→ What to produce: From the line that contains "by (rule nn_integral_suminf)" to the final line of the entries below, write out every line exactly as it appears, and nothing else.

→ Record excerpts:
(* Fix $d\in\mathbb N$. Let $(g_{ij})_{i,j\in\mathbb N}$ be an infinite array of independent standard Gaussian random variables, and for each $n\ge d$ let $G=G_n=(g_{ij})_{i\le d,\,j\le n}$ be the $d\times n$ matrix (viewed as a linear map $\mathbb R^n\to\mathbb R^d$) and $I^*=I_n^*=(GG^* )^{-1/2}G:\mathbb R^n\to\mathbb R^d$. Then, almost surely, $$\mathrm{d}_H\Big(\tfrac{1}{\sqrt n}\,I^*([-1,1]^n),\ \mathbb B_2^d\big(0,\sqrt{2/\pi}\big)\Big)\longrightarrow 0\quad\text{as } n\to\infty.$$
   Context: $G^*$ denotes the transpose of $G$, and $(GG^* )^{-1/2}$ is the inverse of the positive definite square root of $GG^*$ (which is almost surely invertible). $\mathbb B_2^d(0,r)$ is the closed Euclidean ball in $\mathbb R^d$ centered at $0$ with radius $r$. For compact sets $A,B\subseteq\mathbb R^d$, the Hausdorff distance is $\mathrm{d}_H(A,B)=\max\{\inf\{r\ge0: A\subseteq B+\mathbb B_2^d(0,r)\},\ \inf\{r\ge0: B\subseteq A+\mathbb B_2^d(0,r)\}\}$, where $+$ denotes Minkowski sum. *)

theory Defs
  imports "HOL-Probability.Probability"
begin

definition ball_thicken :: "'a::real_normed_vector set \<Rightarrow> real \<Rightarrow> 'a set" where
  "ball_thicken B r = {b + e | b e. b \<in> B \<and> e \<in> cball 0 r}"

definition hausdorff_dist :: "'a::real_normed_vector set \<Rightarrow> 'a set \<Rightarrow> real" where
  "hausdorff_dist A B =
     max (Inf {r. r \<ge> 0 \<and> A \<subseteq> ball_thicken B r}) (Inf {r. r \<ge> 0 \<and> B \<subseteq> ball_thicken A r})"

definition pos_def_mat :: "real^'d^'d \<Rightarrow> bool" where
  "pos_def_mat R \<longleftrightarrow> transpose R = R \<and> (\<forall>x. x \<noteq> 0 \<longrightarrow> x \<bullet> (R *v x) > 0)"

definition pd_sqrt :: "real^'d^'d \<Rightarrow> real^'d^'d" where
  "pd_sqrt A = (THE R. pos_def_mat R \<and> R ** R = A)"

text \<open>The d x n Gaussian matrix G_n (rows indexed by the finite type 'd, d = CARD('d)),
  as a linear map R^n -> R^d, where vectors of R^n are functions nat => real
  (only coordinates j < n matter).\<close>
definition G_map :: "('d \<Rightarrow> nat \<Rightarrow> 'w \<Rightarrow> real) \<Rightarrow> nat \<Rightarrow> 'w \<Rightarrow> (nat \<Rightarrow> real) \<Rightarrow> real^'d" where
  "G_map g n \<omega> x = (\<chi> i. \<Sum>j<n. g i j \<omega> * x j)"

definition GGt :: "('d \<Rightarrow> nat \<Rightarrow> 'w \<Rightarrow> real) \<Rightarrow> nat \<Rightarrow> 'w \<Rightarrow> real^'d^'d" where
  "GGt g n \<omega> = (\<chi> i k. \<Sum>j<n. g i j \<omega> * g k j \<omega>)"

definition I_star :: "('d \<Rightarrow> nat \<Rightarrow> 'w \<Rightarrow> real) \<Rightarrow> nat \<Rightarrow> 'w \<Rightarrow> (nat \<Rightarrow> real) \<Rightarrow> real^'d" where
  "I_star g n \<omega> x = matrix_inv (pd_sqrt (GGt g n \<omega>)) *v G_map g n \<omega> x"

definition cube :: "nat \<Rightarrow> (nat \<Rightarrow> real) set" where
  "cube n = {x. (\<forall>j<n. \<bar>x j\<bar> \<le> 1) \<and> (\<forall>j\<ge>n. x j = 0)}"

end

theory Submission
  imports Defs "HOL-Library.Discrete_Functions" "HOL-Real_Asymp.Real_Asymp"
begin

text \<open>
  With \<open>h\<^sub>n(\<theta>) = \<parallel>G\<^sup>T\<theta>\<parallel>\<^sub>1 / n\<close>, the support function of \<open>G([-1,1]\<^sup>n) / n\<close>, the strong law of large
  numbers applied to the i.i.d. variables \<open>|\<langle>\<theta>, g\<^sub>j\<rangle>|\<close> and \<open>\<langle>\<theta>, g\<^sub>j\<rangle>\<^sup>2\<close> (with \<open>\<langle>\<theta>, g\<^sub>j\<rangle> \<sim> N(0, |\<theta>|\<^sup>2)\<close>)
  gives, almost surely and simultaneously for \<open>\<theta>\<close> in a countable dense set,
  \<open>h\<^sub>n(\<theta>) \<rightarrow> \<surd>(2/\<pi>) |\<theta>|\<close> and \<open>GG\<^sup>T/n \<rightarrow> I\<close>. The \<open>h\<^sub>n\<close> are seminorms, so the first convergence is
  uniform on the sphere. Writing \<open>(GG\<^sup>T)\<^sup>1\<^sup>/\<^sup>2 = \<surd>n (I + X\<^sub>n)\<close> with \<open>X\<^sub>n \<rightarrow> 0\<close>, the set
  \<open>K\<^sub>n = I\<^sup>*([-1,1]\<^sup>n) / \<surd>n\<close> satisfies \<open>(I + X\<^sub>n) K\<^sub>n = G([-1,1]\<^sup>n) / n\<close>. Hence, if \<open>|h\<^sub>n(\<theta>) - c|\<theta>|| \<le> \<epsilon>|\<theta>|\<close>
  with \<open>c = \<surd>(2/\<pi>)\<close> and \<open>\<parallel>X\<^sub>n\<parallel> \<le> \<delta>\<close>, the convex set \<open>K\<^sub>n\<close> has points of norm at most
  \<open>(c + \<epsilon>)/(1 - \<delta>)\<close> and support function at least \<open>(c - \<epsilon>)/(1 + \<delta>) |a|\<close>, which squeezes it
  between two balls of radius close to \<open>c\<close>.
\<close>

section \<open>A strong law of large numbers\<close>

lemma filterlim_floor_sqrt_at_top: "filterlim floor_sqrt at_top sequentially"
  unfolding filterlim_at_top
proof
  fix m :: nat
  show "eventually (\<lambda>n. m \<le> floor_sqrt n) sequentially"
    using eventually_ge_at_top[of "m^2"] by eventually_elim (simp add: le_floor_sqrt_iff)
qed

lemma floor_sqrt_power2_ratio_tendsto:
  shows "(\<lambda>n. real (floor_sqrt n)^2 / real n) \<longlonglongrightarrow> 1"
    and "(\<lambda>n. real (floor_sqrt n + 1)^2 / real n) \<longlonglongrightarrow> 1"
proof -
  define r where "r n = floor_sqrt n" for n
  define e where "e n = (2 * sqrt (real n) + 1) / real n" for n
  have r_sq: "real (r n)^2 \<le> real n" "real n < real (r n + 1)^2" for n
    unfolding r_def of_nat_power[symmetric] of_nat_le_iff of_nat_less_iff
    using floor_sqrt_power2_le[of n] Suc_floor_sqrt_power2_gt[of n] by simp_all
  \<comment> \<open>The squares around \<open>n\<close> differ by \<open>2 r + 1 \<le> 2 \<surd>n + 1\<close>, so both are \<open>n (1 + o(1))\<close>.\<close>
  have bounds: "1 - e n \<le> real (r n)^2 / real n" "real (r n)^2 / real n \<le> 1"
    "1 \<le> real (r n + 1)^2 / real n" "real (r n + 1)^2 / real n \<le> 1 + e n" if "0 < n" for n
  proof -
    have "real (r n) \<le> sqrt (real n)" using r_sq(1)[of n] real_le_rsqrt by blast
    moreover have "real (r n + 1)^2 = real (r n)^2 + 2 * real (r n) + 1"
      by (simp add: power2_eq_square algebra_simps)
    ultimately have "real (r n + 1)^2 \<le> real n + (2 * sqrt (real n) + 1)"
      "real n - (2 * sqrt (real n) + 1) \<le> real (r n)^2"
      using r_sq[of n] by linarith+
    moreover have "1 - e n = (real n - (2 * sqrt (real n) + 1)) / real n"
      "1 + e n = (real n + (2 * sqrt (real n) + 1)) / real n"
      using that by (simp_all add: e_def field_simps)
    ultimately show "1 - e n \<le> real (r n)^2 / real n" "real (r n + 1)^2 / real n \<le> 1 + e n"
      by (simp_all add: divide_right_mono)
    show "real (r n)^2 / real n \<le> 1" "1 \<le> real (r n + 1)^2 / real n"
      using that r_sq[of n] by simp_all
  qed
  have "e \<longlonglongrightarrow> 0" unfolding e_def by real_asymp
  then have lim_lower: "(\<lambda>n. 1 - e n) \<longlonglongrightarrow> 1" and lim_upper: "(\<lambda>n. 1 + e n) \<longlonglongrightarrow> 1"
    using tendsto_diff[OF tendsto_const, of e 0 _ 1] tendsto_add[OF tendsto_const, of e 0 _ 1] by simp_all
  note ev = eventually_mono[OF eventually_gt_at_top[of 0]]
  show "(\<lambda>n. real (floor_sqrt n)^2 / real n) \<longlonglongrightarrow> 1"
    unfolding r_def[symmetric]
    by (rule tendsto_sandwich[OF _ _ lim_lower tendsto_const]) (rule ev, erule bounds)+
  show "(\<lambda>n. real (floor_sqrt n + 1)^2 / real n) \<longlonglongrightarrow> 1"
    unfolding r_def[symmetric]
    by (rule tendsto_sandwich[OF _ _ tendsto_const lim_upper]) (rule ev, erule bounds)+
qed

lemma averages_tendsto_if_square_averages_tendsto:
  fixes a :: "nat \<Rightarrow> real"
  assumes nonneg: "\<And>j. 0 \<le> a j"
    and squares: "(\<lambda>k. (\<Sum>j<k^2. a j) / real (k^2)) \<longlonglongrightarrow> \<mu>"
  shows "(\<lambda>n. (\<Sum>j<n. a j) / real n) \<longlonglongrightarrow> \<mu>"
proof -
  define S where "S n = (\<Sum>j<n. a j)" for n
  define u where "u k = S (k^2) / real (k^2)" for k
  define r where "r n = floor_sqrt n" for n
  have S_mono: "S m \<le> S n" if "m \<le> n" for m n
    unfolding S_def using that by (intro sum_mono2) (auto simp: nonneg)
  have r_at_top: "filterlim r at_top sequentially"
    unfolding r_def by (rule filterlim_floor_sqrt_at_top)
  have lower: "(\<lambda>n. u (r n) * (real (r n)^2 / real n)) \<longlonglongrightarrow> \<mu>"
    using tendsto_mult[OF filterlim_compose[OF squares r_at_top] floor_sqrt_power2_ratio_tendsto(1)]
    by (simp add: u_def S_def r_def)
  have upper: "(\<lambda>n. u (r n + 1) * (real (r n + 1)^2 / real n)) \<longlonglongrightarrow> \<mu>"
    using tendsto_mult[OF filterlim_compose[OF squares filterlim_compose[OF filterlim_Suc r_at_top]]
        floor_sqrt_power2_ratio_tendsto(2)]
    by (simp add: u_def S_def r_def o_def)
  show ?thesis
  proof (rule tendsto_sandwich[OF _ _ lower upper])
    have "u (r n) * (real (r n)^2 / real n) \<le> S n / real n"
         "S n / real n \<le> u (r n + 1) * (real (r n + 1)^2 / real n)" if "0 < r n" for n
      using that S_mono[of "(r n)^2" n] S_mono[of n "(r n + 1)^2"] floor_sqrt_power2_le[of n]
        Suc_floor_sqrt_power2_gt[of n]
      by (auto simp: u_def r_def intro!: divide_right_mono)
    moreover have "eventually (\<lambda>n. 0 < r n) sequentially"
      using eventually_gt_at_top[of 0] by eventually_elim (simp add: r_def)
    ultimately show "eventually (\<lambda>n. u (r n) * (real (r n)^2 / real n) \<le> (\<Sum>j<n. a j) / real n) sequentially"
      "eventually (\<lambda>n. (\<Sum>j<n. a j) / real n \<le> u (r n + 1) * (real (r n + 1)^2 / real n)) sequentially"
      unfolding S_def by (auto elim: eventually_mono)
  qed
qed

lemma (in prob_space) AE_tendsto_0_if_summable_expectation:
  fixes W :: "nat \<Rightarrow> 'a \<Rightarrow> real"
  assumes nonneg: "\<And>k x. 0 \<le> W k x" and int: "\<And>k. integrable M (W k)"
    and summable: "summable (\<lambda>k. expectation (W k))"
  shows "AE x in M. (\<lambda>k. W k x) \<longlonglongrightarrow> 0"
proof -
  have meas: "W k \<in> borel_measurable M" for k using int by (rule borel_measurable_integrable)
  have "(\<integral>\<^sup>+x. (\<Sum>k. ennreal (W k x)) \<partial>M) = (\<Sum>k. \<integral>\<^sup>+x. ennreal (W k x) \<partial>M)"
    by (rule nn_integral_suminf) (use meas in measurable)
  also have "\<dots> = (\<Sum>k. ennreal (expectation (W k)))"
    by (subst nn_integral_eq_integral) (auto simp: int nonneg)
  also have "\<dots> = ennreal (\<Sum>k. expectation (W k))"
    by (rule suminf_ennreal2[OF _ summable]) (simp add: nonneg)
  finally have "(\<integral>\<^sup>+x. (\<Sum>k. ennreal (W k x)) \<partial>M) \<noteq> \<infinity>" by simp
  then have "AE x in M. (\<Sum>k. ennreal (W k x)) \<noteq> \<infinity>"
    by (rule nn_integral_PInf_AE[rotated]) (use meas in measurable)
  then show ?thesis
  proof eventually_elim
    case (elim x)
    then have "summable (\<lambda>k. W k x)" using summable_suminf_not_top[OF nonneg] by simp
    then show ?case by (rule summable_LIMSEQ_zero)
  qed
qed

→ Solution for this exercise:
    by (rule nn_integral_suminf) (use meas in measurable)
  also have "\<dots> = (\<Sum>k. ennreal (expectation (W k)))"
    by (subst nn_integral_eq_integral) (auto simp: int nonneg)
  also have "\<dots> = ennreal (\<Sum>k. expectation (W k))"
    by (rule suminf_ennreal2[OF _ summable]) (simp add: nonneg)
  finally have "(\<integral>\<^sup>+x. (\<Sum>k. ennreal (W k x)) \<partial>M) \<noteq> \<infinity>" by simp
  then have "AE x in M. (\<Sum>k. ennreal (W k x)) \<noteq> \<infinity>"
    by (rule nn_integral_PInf_AE[rotated]) (use meas in measurable)
  then show ?thesis
  proof eventually_elim
    case (elim x)
    then have "summable (\<lambda>k. W k x)" using summable_suminf_not_top[OF nonneg] by simp
    then show ?case by (rule summable_LIMSEQ_zero)
  qed
qed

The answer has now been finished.